PACE Liens & Mortgages: Lender Refusals & Your Options
Explains why the senior-lien status of PACE financing is problematic for mortgage lenders including FHA/VA loans, and discusses solutions for buyers and sellers.
Disclaimer: This article is for informational purposes only and does not constitute legal advice. Consult a real estate attorney or mortgage professional before making decisions about a property with a PACE assessment.
The short answer: many mortgage lenders refuse or delay loans on homes with PACE assessments because the assessment can appear as a property-tax lien with priority concerns. Ask the lender, title company, and PACE administrator whether the assessment must be paid off, subordinated, or otherwise resolved before closing.
Overview
You apply for a mortgage — whether to buy a home or refinance the one you already own — and the lender delivers an answer you did not expect: denied. The reason? A PACE assessment on the property. Understanding why PACE financing causes lenders to refuse loans, and what options exist for sellers and buyers caught in this situation, is essential for anyone navigating the intersection of solar financing and real estate.
If the title report is the first time the assessment felt real, read the PACE title fight guide and the solar financing scams guide. Lender refusal is usually the moment when a buried financing term becomes a real estate problem.
Why PACE Is a Problem for Mortgage Lenders
PACE is structured as a property tax assessment, and under state PACE-enabling statutes, it carries first-priority lien status — the same priority as property taxes. That means the PACE assessment sits ahead of the mortgage in the lien hierarchy. For a mortgage lender, this is a fundamental underwriting problem: their security interest — the mortgage — is junior to an obligation they did not underwrite, over which they have no control, and which can result in tax foreclosure that wipes out their lien.

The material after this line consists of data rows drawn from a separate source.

lemma sum_blockwise_mix:
  fixes \<phi> :: "'r \<Rightarrow> 'c \<Rightarrow> 'a" and \<psi> :: "'r \<Rightarrow> 'd \<Rightarrow> 'b"
  assumes fin: "finite R" "finite A" "finite B" "finite A'" "finite B'"
    and maps: "\<And>r a'. r \<in> R \<Longrightarrow> a' \<in> A' \<Longrightarrow> \<phi> r a' \<in> A" "\<And>r b'. r \<in> R \<Longrightarrow> b' \<in> B' \<Longrightarrow> \<psi> r b' \<in> B"
  shows "(\<Sum>x'\<in>PiE {..<n} (\<lambda>_. A'). \<Sum>y'\<in>PiE {..<n} (\<lambda>_. B').
            blockwise_mix R w \<phi> \<psi> n C x' y' * (\<Prod>i<n. G i (x' i) (y' i)))
       = (\<Sum>x\<in>PiE {..<n} (\<lambda>_. A). \<Sum>y\<in>PiE {..<n} (\<lambda>_. B).
            C x y * (\<Prod>i<n. transport R w \<phi> \<psi> A' B' (G i) (x i) (y i)))"
proof -
  let ?K = "{..<n}"
  let ?F = "\<lambda>x y i r a' b'. if \<phi> r a' = x i \<and> \<psi> r b' = y i then w r * G i a' b' else 0"
  have delta: "(\<Prod>i<n. w (r i)) * C (\<lambda>i\<in>?K. \<phi> (r i) (x' i)) (\<lambda>i\<in>?K. \<psi> (r i) (y' i)) * (\<Prod>i<n. G i (x' i) (y' i))
      = (\<Sum>x\<in>PiE ?K (\<lambda>_. A). \<Sum>y\<in>PiE ?K (\<lambda>_. B). C x y * (\<Prod>i<n. ?F x y i (r i) (x' i) (y' i)))"
    if "r \<in> PiE ?K (\<lambda>_. R)" "x' \<in> PiE ?K (\<lambda>_. A')" "y' \<in> PiE ?K (\<lambda>_. B')" for r x' y'
  proof -
    let ?W = "(\<Prod>i<n. w (r i)) * (\<Prod>i<n. G i (x' i) (y' i))"
    have "C x y * (\<Prod>i<n. ?F x y i (r i) (x' i) (y' i)) = (if (\<forall>i\<in>?K. \<phi> (r i) (x' i) = x i) \<and>
        (\<forall>i\<in>?K. \<psi> (r i) (y' i) = y i) then C x y * ?W else 0)" for x y
      by (auto simp: prod_if_zero prod.distrib)
    then have "(\<Sum>x\<in>PiE ?K (\<lambda>_. A). \<Sum>y\<in>PiE ?K (\<lambda>_. B). C x y * (\<Prod>i<n. ?F x y i (r i) (x' i) (y' i)))
        = (\<Sum>x\<in>PiE ?K (\<lambda>_. A). \<Sum>y\<in>PiE ?K (\<lambda>_. B). if (\<forall>i\<in>?K. \<phi> (r i) (x' i) = x i) \<and>
            (\<forall>i\<in>?K. \<psi> (r i) (y' i) = y i) then C x y * ?W else 0)"
      by (simp only:)
    also have "\<dots> = C (\<lambda>i\<in>?K. \<phi> (r i) (x' i)) (\<lambda>i\<in>?K. \<psi> (r i) (y' i)) * ?W"
      by (rule sum_PiE_pair_point) (use that fin maps in \<open>auto simp: PiE_iff\<close>)
    finally show ?thesis
      by (simp add: mult_ac)
  qed
  have "(\<Sum>x'\<in>PiE ?K (\<lambda>_. A'). \<Sum>y'\<in>PiE ?K (\<lambda>_. B'). blockwise_mix R w \<phi> \<psi> n C x' y' * (\<Prod>i<n. G i (x' i) (y' i)))
      = (\<Sum>x'\<in>PiE ?K (\<lambda>_. A'). \<Sum>y'\<in>PiE ?K (\<lambda>_. B'). \<Sum>r\<in>PiE ?K (\<lambda>_. R).
           \<Sum>x\<in>PiE ?K (\<lambda>_. A). \<Sum>y\<in>PiE ?K (\<lambda>_. B). C x y * (\<Prod>i<n. ?F x y i (r i) (x' i) (y' i)))"
    unfolding blockwise_mix_def sum_distrib_right by (intro sum.cong refl) (simp add: delta)
  also have "\<dots> = (\<Sum>r\<in>PiE ?K (\<lambda>_. R). \<Sum>x'\<in>PiE ?K (\<lambda>_. A'). \<Sum>y'\<in>PiE ?K (\<lambda>_. B').
           \<Sum>x\<in>PiE ?K (\<lambda>_. A). \<Sum>y\<in>PiE ?K (\<lambda>_. B). C x y * (\<Prod>i<n. ?F x y i (r i) (x' i) (y' i)))"
    by (rule sum_swap3[symmetric])
  also have "\<dots> = (\<Sum>r\<in>PiE ?K (\<lambda>_. R). \<Sum>x\<in>PiE ?K (\<lambda>_. A). \<Sum>y\<in>PiE ?K (\<lambda>_. B).
           \<Sum>x'\<in>PiE ?K (\<lambda>_. A'). \<Sum>y'\<in>PiE ?K (\<lambda>_. B'). C x y * (\<Prod>i<n. ?F x y i (r i) (x' i) (y' i)))"
    by (intro sum.cong refl sum_swap_outer_inner)
  also have "\<dots> = (\<Sum>x\<in>PiE ?K (\<lambda>_. A). \<Sum>y\<in>PiE ?K (\<lambda>_. B). C x y *
           (\<Sum>r\<in>PiE ?K (\<lambda>_. R). \<Sum>x'\<in>PiE ?K (\<lambda>_. A'). \<Sum>y'\<in>PiE ?K (\<lambda>_. B'). \<Prod>i<n. ?F x y i (r i) (x' i) (y' i)))"
    by (subst sum_swap3) (simp add: sum_distrib_left)
  also have "\<dots> = (\<Sum>x\<in>PiE ?K (\<lambda>_. A). \<Sum>y\<in>PiE ?K (\<lambda>_. B).
           C x y * (\<Prod>i<n. transport R w \<phi> \<psi> A' B' (G i) (x i) (y i)))"
  proof (intro sum.cong refl arg_cong2[where f = "(*)"])
    fix x y
    have "(\<Prod>i<n. transport R w \<phi> \<psi> A' B' (G i) (x i) (y i))
        = (\<Sum>r\<in>PiE ?K (\<lambda>_. R). \<Prod>i<n. \<Sum>a'\<in>A'. \<Sum>b'\<in>B'. ?F x y i (r i) a' b')"
      unfolding transport_def using fin by (intro prod_sum_PiE) auto
    also have "\<dots> = (\<Sum>r\<in>PiE ?K (\<lambda>_. R). \<Sum>x'\<in>PiE ?K (\<lambda>_. A'). \<Sum>y'\<in>PiE ?K (\<lambda>_. B').
        \<Prod>i<n. ?F x y i (r i) (x' i) (y' i))"
      using fin by (intro sum.cong refl prod_sum_sum_PiE) auto
    finally show "(\<Sum>r\<in>PiE ?K (\<lambda>_. R). \<Sum>x'\<in>PiE ?K (\<lambda>_. A'). \<Sum>y'\<in>PiE ?K (\<lambda>_. B').
        \<Prod>i<n. ?F x y i (r i) (x' i) (y' i)) = (\<Prod>i<n. transport R w \<phi> \<psi> A' B' (G i) (x i) (y i))"
      by (rule sym)
  qed
  finally show ?thesis .
qed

Traditional mortgages assume the lender is in first-lien position. PACE can break that assumption. PACE assessments can also persist for many years, so the lender must decide whether the tax-assessment structure, repayment term, and lien priority fit the loan program.
FHA, VA, and GSE Restrictions
FHA Loans
FHA treatment of PACE depends on current HUD/FHA guidance and the specific transaction. In practice, many FHA lenders require the PACE assessment to be resolved before closing because senior-lien status can conflict with mortgage eligibility.
VA Loans
VA loan treatment also depends on current VA lender guidance and the title facts. If the PACE assessment has senior priority or cannot be subordinated, it can block or delay VA financing.
Fannie Mae and Freddie Mac
The Government-Sponsored Enterprises (GSEs) have both addressed PACE. Fannie Mae and Freddie Mac guidance focuses on whether the obligation has lien priority over the mortgage or must be paid off, subordinated, or otherwise handled before the loan can be delivered. Because Fannie and Freddie purchase many conventional conforming loans, their treatment affects a large share of the market.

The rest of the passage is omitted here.